We may need to talk
Start:
Can you:
- Think faster than you can type?
- Talk faster than you can type?
If that’s you, and you haven’t tried voice recognition, or not for a while, then maybe, now, you should.
(Please don’t worry about the odd occasion when you talk faster than you are thinking. We all do it. In my case, usually after wine.)
Here and now:
I am dictating this. Into my iPhone. About as fast as I am thinking it. (For some reason I find that voice recognition is faster and more accurate in iOS than in macOS Sierra. But any account of the relative capabilities of different softwares is likely to be overturned by the next iteration of the software. I suggest, start with what you have.)
Seeing my spoken words appear on the screen in front of me is still, for me, a mall kind of magic.
I was a fan of the idea of voice recognition before it was, frankly, much good. My efforts with early versions of Dragon were – well, disappointing. Training to my voice was slow; the quality of the voice capture was often poor; and it took its time transcribing.(A colleague claimed that he trained his Dragon installation by reading it Alice in Wonderland. Which explains a lot about his writing style. And, occasionally, his content.) I believe Dragon is a lot better now. As I am sure are the others – it’s a jungle out there, and evolution is rapid and brutal, but great for the customer.
Nowadays: no training. Straight in. Fast, or fast enough – almost as fast I speak, certainly as fast as I can speak clearly. Accurate enough most of the time to mean that, even allowing for the necessary editing, voice recognition is quicker than my (not very good) typing.
A caution:
Voice recognition, certainly the iOS version, tries very hard indeed to make sense of what it hears. Sometimes, this takes it a long way away from what you meant and said. The main practical implication for me is – review often. Because, if you get a few paragraphs ahead before you check, you simply may not be able to reconstruct what you originally meant / said. And that precious pearl may be lost forever.
Learning:
But two things will happen over (quite a short period of) time.
- The system will get to know you and your speech better, thereby becoming more accurate. This is fairly obvious.
- More interesting, you will make the curious accommodations required to speak written English. I’ll say more about this.
Writing and speaking:
Crudely: writing and speaking are different kinds of language, different forms of expression.
Here’s a short test you might want to do. If you have access to voice recognition – and you almost certainly have, either on your smart phone or via Google – try it now.
- Turn on voice recognition and then talk about something you’re interested in for a couple of minutes, as if you were talking to a friend or colleague.
- Write / type for a couple of minutes on the same topic.
- Compare the transcript of your speaking with the words that you typed/wrote.
What do you notice?
Obviously, I don’t know. And the comparison isn’t simple:
- You may have been so conscious of the fact that your spoken words were being transcribed that you spoke something much closer to written language than your more normal speech.
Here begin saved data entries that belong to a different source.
(* Assume Assumptions (LS), (UT) and (LT) below hold, with $\alpha>0$ the common exponent in (UT) and (LT). Let $K>0$, let $r\in\mathbb{N}$ and $w\in\mathbb{Z}$ with $|w|\le Kr^{5/6}$, let $\mathbb{L}_{\mathrm{up}}$ be the set of lattice points on the segment joining $(r-w-r^{2/3},r+w+r^{2/3})$ and $(r-w+r^{2/3},r+w-r^{2/3})$, and define $$\widetilde Z=\sup_{v\in\mathbb{L}_{\mathrm{up}}}\left(X_v-\mathbb{E}[X_v]\right),\qquad X_v=X_{(1,1),v}.$$ There exist $c>0$, $\theta_0=\theta_0(K)$ and $r_0$ such that for all $\theta>\theta_0$ and $r>r_0$, $$\mathbb{P}\left(\widetilde Z>\theta r^{1/3}\right)\le\exp(-c\theta^\alpha).$$
   Context: Let $\{\xi_v:v\in\mathbb{Z}^2\}$ be i.i.d. random variables with a common law $\nu$ supported on $[0,\infty)$. A directed path is an up-right nearest-neighbour path in $\mathbb{Z}^2$, and its weight is $\ell(\gamma)=\sum_{u\in\gamma}\xi_u$. For $u\preceq v$ coordinatewise, $X_{u,v}=\max_{\gamma:u\to v}\ell(\gamma)$ over directed paths from $u$ to $v$ ($-\infty$ if none). For $r\in\mathbb{N}$, $z\in\mathbb{Z}$, $X_r^z=X_{(1,1),(r-z,r+z)}$ and $X_r=X_r^0$. It is assumed that $\mu=\lim_{r\to\infty}r^{-1}\mathbb{E}[X_r]<\infty$. Assumption (LS): there exist positive finite constants $\rho,G,H,g_1,g_2$ such that for all large enough $r$ and all $z\in[-\rho r,\rho r]$, $\mathbb{E}[X_r^z]\in \mu r-G\frac{z^2}{r}+\left[-H\frac{z^4}{r^3},0\right]+\left[-g_1r^{1/3},-g_2r^{1/3}\right]$. Assumptions (UT) and (LT): there exists $\alpha>0$ such that for every $\varepsilon>0$ there exist positive finite $c,\theta_0,r_0$ (depending only on $\varepsilon$) such that for all $r>r_0$, $\theta>\theta_0$ and $|z|\le(1-\varepsilon)r$: (UT) $\mathbb{P}(X_r^z-\mathbb{E}[X_r^z]>\theta r^{1/3})\le\exp(-c\theta^\alpha)$ and (LT) $\mathbb{P}(X_r^z-\mathbb{E}[X_r^z]<-\theta r^{1/3})\le\exp(-c\theta^\alpha)$. *)

theory Defs
  imports "HOL-Probability.Probability"
begin

type_synonym pt = "int \<times> int"

definition pt_le :: "pt \<Rightarrow> pt \<Rightarrow> bool" where
  "pt_le u v \<longleftrightarrow> fst u \<le> fst v \<and> snd u \<le> snd v"

definition directed_path :: "pt list \<Rightarrow> pt \<Rightarrow> pt \<Rightarrow> bool" where
  "directed_path \<gamma> u v \<longleftrightarrow> \<gamma> \<noteq> [] \<and> hd \<gamma> = u \<and> last \<gamma> = v \<and>
     (\<forall>i. Suc i < length \<gamma> \<longrightarrow>
        \<gamma> ! Suc i = (fst (\<gamma> ! i) + 1, snd (\<gamma> ! i)) \<or>
        \<gamma> ! Suc i = (fst (\<gamma> ! i), snd (\<gamma> ! i) + 1))"

definition path_weight :: "(pt \<Rightarrow> 'w \<Rightarrow> real) \<Rightarrow> pt list \<Rightarrow> 'w \<Rightarrow> real" where
  "path_weight \<xi> \<gamma> \<omega> = (\<Sum>p\<leftarrow>\<gamma>. \<xi> p \<omega>)"

text \<open>When no directed path exists (u not below v) the paper
  sets the value to -infinity; here the (irrelevant) value 0 is used and every place where
  the paper's convention matters is guarded explicitly by pt_le.\<close>
definition LPP :: "(pt \<Rightarrow> 'w \<Rightarrow> real) \<Rightarrow> pt \<Rightarrow> pt \<Rightarrow> 'w \<Rightarrow> real" where
  "LPP \<xi> u v \<omega> = (if pt_le u v
      then Max ((\<lambda>\<gamma>. path_weight \<xi> \<gamma> \<omega>) ` {\<gamma>. directed_path \<gamma> u v}) else 0)"

definition Xrz :: "(pt \<Rightarrow> 'w \<Rightarrow> real) \<Rightarrow> nat \<Rightarrow> int \<Rightarrow> 'w \<Rightarrow> real" where
  "Xrz \<xi> r z = LPP \<xi> (1,1) (int r - z, int r + z)"

definition Lup :: "nat \<Rightarrow> int \<Rightarrow> pt set" where
  "Lup r w = {p. (real_of_int (fst p), real_of_int (snd p)) \<in>
     closed_segment (real r - real_of_int w - real r powr (2/3), real r + real_of_int w + real r powr (2/3))
                    (real r - real_of_int w + real r powr (2/3), real r + real_of_int w - real r powr (2/3))}"

definition Ztilde :: "'w measure \<Rightarrow> (pt \<Rightarrow> 'w \<Rightarrow> real) \<Rightarrow> nat \<Rightarrow> int \<Rightarrow> 'w \<Rightarrow> real" where
  "Ztilde M \<xi> r w \<omega> = (SUP v\<in>Lup r w. LPP \<xi> (1,1) v \<omega> - (\<integral>\<omega>'. LPP \<xi> (1,1) v \<omega>' \<partial>M))"

end

theory Submission
  imports Defs
begin

(* Every point of L_up is (r - z, r + z) with |z - w| <= r^(2/3). If X_(r-z,r+z) exceeds its mean by
   theta r^(1/3), continue from (r-z+1, r+z+1) to the endpoint (2r-2w, 2r+2w): this second leg is a
   translate of X_r^(2w-z), it only uses weights strictly above the antidiagonal x + y = 2r, and by (LT)
   it falls below its mean by theta r^(1/3)/2 with probability at most 1/2. Taking for each sample the
   first z at which the excess occurs makes the events disjoint and independent of the second legs, so
   P(Ztilde > theta r^(1/3)) <= 2 P(X_(2r)^(2w) - E > theta r^(1/3)/4): by (LS) the means of the two legs
   add up to E X_(2r)^(2w) up to O(r^(1/3)), since the curvature terms cancel except for
   2G(z-w)^2/r <= 2G r^(1/3). Then (UT) at scale 2r gives the exponential bound. *)

section \<open>Directed paths and last-passage values\<close>

definition rect :: "pt \<Rightarrow> pt \<Rightarrow> pt set" where
  "rect u v = {p. pt_le u p \<and> pt_le p v}"

definition unit_step :: "pt \<Rightarrow> pt \<Rightarrow> bool" where
  "unit_step p q \<longleftrightarrow> q = (fst p + 1, snd p) \<or> q = (fst p, snd p + 1)"

lemma finite_rect: "finite (rect u v)"
proof (rule finite_subset)
  show "rect u v \<subseteq> {fst u..fst v} \<times> {snd u..snd v}"
    by (auto simp: rect_def pt_le_def)
qed simp

lemma directed_path_Nil [simp]: "\<not> directed_path [] u v"
  by (simp add: directed_path_def)

lemma directed_path_singleton [simp]: "directed_path [p] u v \<longleftrightarrow> p = u \<and> p = v"
  by (auto simp: directed_path_def)

lemma directed_path_hd: "directed_path (p # \<gamma>) u v \<Longrightarrow> p = u"
  by (simp add: directed_path_def)

lemma directed_path_iff_unit_steps:
  "directed_path \<gamma> u v \<longleftrightarrow> \<gamma> \<noteq> [] \<and> hd \<gamma> = u \<and> last \<gamma> = v \<and>
     (\<forall>i. Suc i < length \<gamma> \<longrightarrow> unit_step (\<gamma> ! i) (\<gamma> ! Suc i))"
  by (simp add: directed_path_def unit_step_def)

lemma directed_path_Cons_Cons:
  "directed_path (p # q # \<gamma>) u v \<longleftrightarrow> p = u \<and> unit_step p q \<and> directed_path (q # \<gamma>) q v"
proof -
  have "(\<forall>i. Suc i < length (p # q # \<gamma>) \<longrightarrow> unit_step ((p # q # \<gamma>) ! i) ((p # q # \<gamma>) ! Suc i))
      \<longleftrightarrow> unit_step p q \<and> (\<forall>i. Suc i < length (q # \<gamma>) \<longrightarrow> unit_step ((q # \<gamma>) ! i) ((q # \<gamma>) ! Suc i))"
    by (metis (no_types, lifting) Suc_less_eq length_Cons nth_Cons_0 nth_Cons_Suc not0_implies_Suc
        zero_less_Suc)
  then show ?thesis
    by (simp add: directed_path_iff_unit_steps) blast
qed

lemma directed_path_endpoints:
  assumes "directed_path \<gamma> u v"
  shows "pt_le u v" and "set \<gamma> \<subseteq> rect u v"
    and "int (length \<gamma>) = fst v + snd v - fst u - snd u + 1"
proof -
  have "pt_le u v \<and> set \<gamma> \<subseteq> rect u v \<and> int (length \<gamma>) = fst v + snd v - fst u - snd u + 1"
    using assms
  proof (induction \<gamma> arbitrary: u)
    case (Cons p \<gamma>)
    show ?case
    proof (cases \<gamma>)
      case Nil
      then show ?thesis using Cons.prems by (auto simp: rect_def pt_le_def)
    next
      case (Cons q \<gamma>')
      then have "p = u" "unit_step p q" "directed_path \<gamma> q v"
        using Cons.prems by (auto simp: directed_path_Cons_Cons)
      moreover note Cons.IH[OF \<open>directed_path \<gamma> q v\<close>]
      ultimately show ?thesis by (auto simp: unit_step_def rect_def pt_le_def)
    qed
  qed simp
  then show "pt_le u v" "set \<gamma> \<subseteq> rect u v" "int (length \<gamma>) = fst v + snd v - fst u - snd u + 1"
    by auto
qed

lemma finite_directed_paths: "finite {\<gamma>. directed_path \<gamma> u v}"
proof (rule finite_subset)
  show "{\<gamma>. directed_path \<gamma> u v} \<subseteq>
      {\<gamma>. set \<gamma> \<subseteq> rect u v \<and> length \<gamma> = nat (fst v + snd v - fst u - snd u + 1)}"
  proof (intro subsetI CollectI, elim CollectE)
    fix \<gamma> assume "directed_path \<gamma> u v"
    from directed_path_endpoints[OF this]
    show "set \<gamma> \<subseteq> rect u v \<and> length \<gamma> = nat (fst v + snd v - fst u - snd u + 1)"
      by auto
  qed
qed (intro finite_lists_length_eq finite_rect)

lemma directed_path_exists:
  assumes "pt_le u v"
  obtains \<gamma> where "directed_path \<gamma> u v"
proof -
  have "\<exists>\<gamma>. directed_path \<gamma> u v"
    using assms
  proof (induction "nat (fst v + snd v - fst u - snd u)" arbitrary: u)
    case 0
    then have "u = v" by (auto simp: pt_le_def prod_eq_iff)
    then show ?case by (metis directed_path_singleton)
  next
    case (Suc n)
    define q where "q = (if fst u < fst v then (fst u + 1, snd u) else (fst u, snd u + 1))"
    have "pt_le q v" "n = nat (fst v + snd v - fst q - snd q)"
      using Suc.prems Suc.hyps(2) by (auto simp: q_def pt_le_def)
    then obtain \<gamma> where \<gamma>: "directed_path \<gamma> q v" using Suc.hyps(1) by blast
    then obtain \<gamma>' where "\<gamma> = q # \<gamma>'" using directed_path_hd by (cases \<gamma>) auto
    then have "directed_path (u # \<gamma>) u v"
      using \<gamma> by (simp add: directed_path_Cons_Cons unit_step_def q_def)
    then show ?case by blast
  qed
  then show ?thesis using that by blast
qed

lemma directed_path_append:
  assumes "directed_path \<gamma>\<^sub>1 u v" and "directed_path \<gamma>\<^sub>2 v' w" and "unit_step v v'"
  shows "directed_path (\<gamma>\<^sub>1 @ \<gamma>\<^sub>2) u w"
  using assms(1)
proof (induction \<gamma>\<^sub>1 arbitrary: u)
  case (Cons p \<gamma>)
  show ?case
  proof (cases \<gamma>)
    case Nil
    obtain q \<gamma>' where "\<gamma>\<^sub>2 = q # \<gamma>'" using assms(2) by (cases \<gamma>\<^sub>2) auto
    moreover have "q = v'" using assms(2) calculation directed_path_hd by blast
    ultimately show ?thesis
      using Cons.prems Nil assms(2,3) by (auto simp: directed_path_Cons_Cons)
  next
    case (Cons q \<gamma>')
    then show ?thesis
      using Cons.prems Cons.IH by (auto simp: directed_path_Cons_Cons)
  qed
qed simp

lemma directed_path_translate:
  "directed_path \<gamma> u v \<Longrightarrow> directed_path (map ((+) s) \<gamma>) (s + u) (s + v)"
proof (induction \<gamma> arbitrary: u)
  case (Cons p \<gamma>)
  show ?case
  proof (cases \<gamma>)
    case Nil
    then show ?thesis using Cons.prems by auto
  next
    case (Cons q \<gamma>')
    then show ?thesis
      using Cons.prems Cons.IH by (auto simp: directed_path_Cons_Cons unit_step_def prod_eq_iff)
  qed
qed simp

lemma path_weight_le_LPP:
  assumes "directed_path \<gamma> u v"
  shows "path_weight \<xi> \<gamma> \<omega> \<le> LPP \<xi> u v \<omega>"
  using assms directed_path_endpoints(1)[OF assms]
  by (auto simp: LPP_def intro!: Max_ge finite_imageI finite_directed_paths)

lemma LPP_attained:
  assumes "pt_le u v"
  obtains \<gamma> where "directed_path \<gamma> u v" and "LPP \<xi> u v \<omega> = path_weight \<xi> \<gamma> \<omega>"
proof -
  have "{\<gamma>. directed_path \<gamma> u v} \<noteq> {}"
    using directed_path_exists[OF assms] by blast
  then have "LPP \<xi> u v \<omega> \<in> (\<lambda>\<gamma>. path_weight \<xi> \<gamma> \<omega>) ` {\<gamma>. directed_path \<gamma> u v}"
    using assms by (simp add: LPP_def finite_directed_paths)
  then show ?thesis using that by blast
qed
- Or your writing for a colleague may have been much less formal than if you had been writing for a wider audience.
But it may be that;
- Your transcribed speech took more words to say roughly the same thing than did your writing / typing;
- Your transcribed speech was less formal, more conversational, than your written / typed text;
- In particular your transcribed speech may have conformed less well to grammatical conventions, in particular to clear and conventional sentence structure and breaks between ideas or sentences.
- Unlike most people, who generally talk mostly in phrases, you may already talk in complete sentences. Or even paragraphs. Or even chapters. Or even books. If you are one of these lucky, talented people, then voice recognition will be largely unproblematic for you, and you will simply become much more productive. I envy you.
Of course we all have a range of forms of both spoken and written expression. We can speak formally or informally, we can write formally or less formally. Audience and context make a big difference to how we speak and write.
But the fact remains that, for voice recognition to give you all the potential advantages of speed, you do need to learn to speak in something like the way or style in which you write, or want to write. And, as I am discovering as I dictate this paragraph, this is hard work, and requires fierce concentration – because, when you are using voice recognition, you are writing; in the specific sense of getting words onto the screen; faster perhaps than you could if you were typing.
But speaking into voice recognition slowly becomes easier. And then you will begin to see typing as it is – another form of technology-impeded human action. Like driving a car with manual gear change – “stick shift” to our American friends call it. Or indeed driving a car at all in the age of Google car and Tesla autopilot.Or repeatedly typing / speaking) the same information into form after form after form. Or – insert your own technological bête noire here.
Voices:
I over-simplified earlier. I don’t think it’s as simple as learning to speak in the same kind of written English that you used to produce. I write Tweets, emails, blogs, articles and book chapters through the use of voice recognition software. Here are some things I have noticed:
- My style has become slightly less formal as I have made the transition to voice.
- My sentences initially became longer, sometimes I felt too long – at first I used to solve this problem in the editing, whereas now (as is not demonstrated in the current sentence!) I have taught myself to speak in short sentences again. When appropriate. Or when I remember.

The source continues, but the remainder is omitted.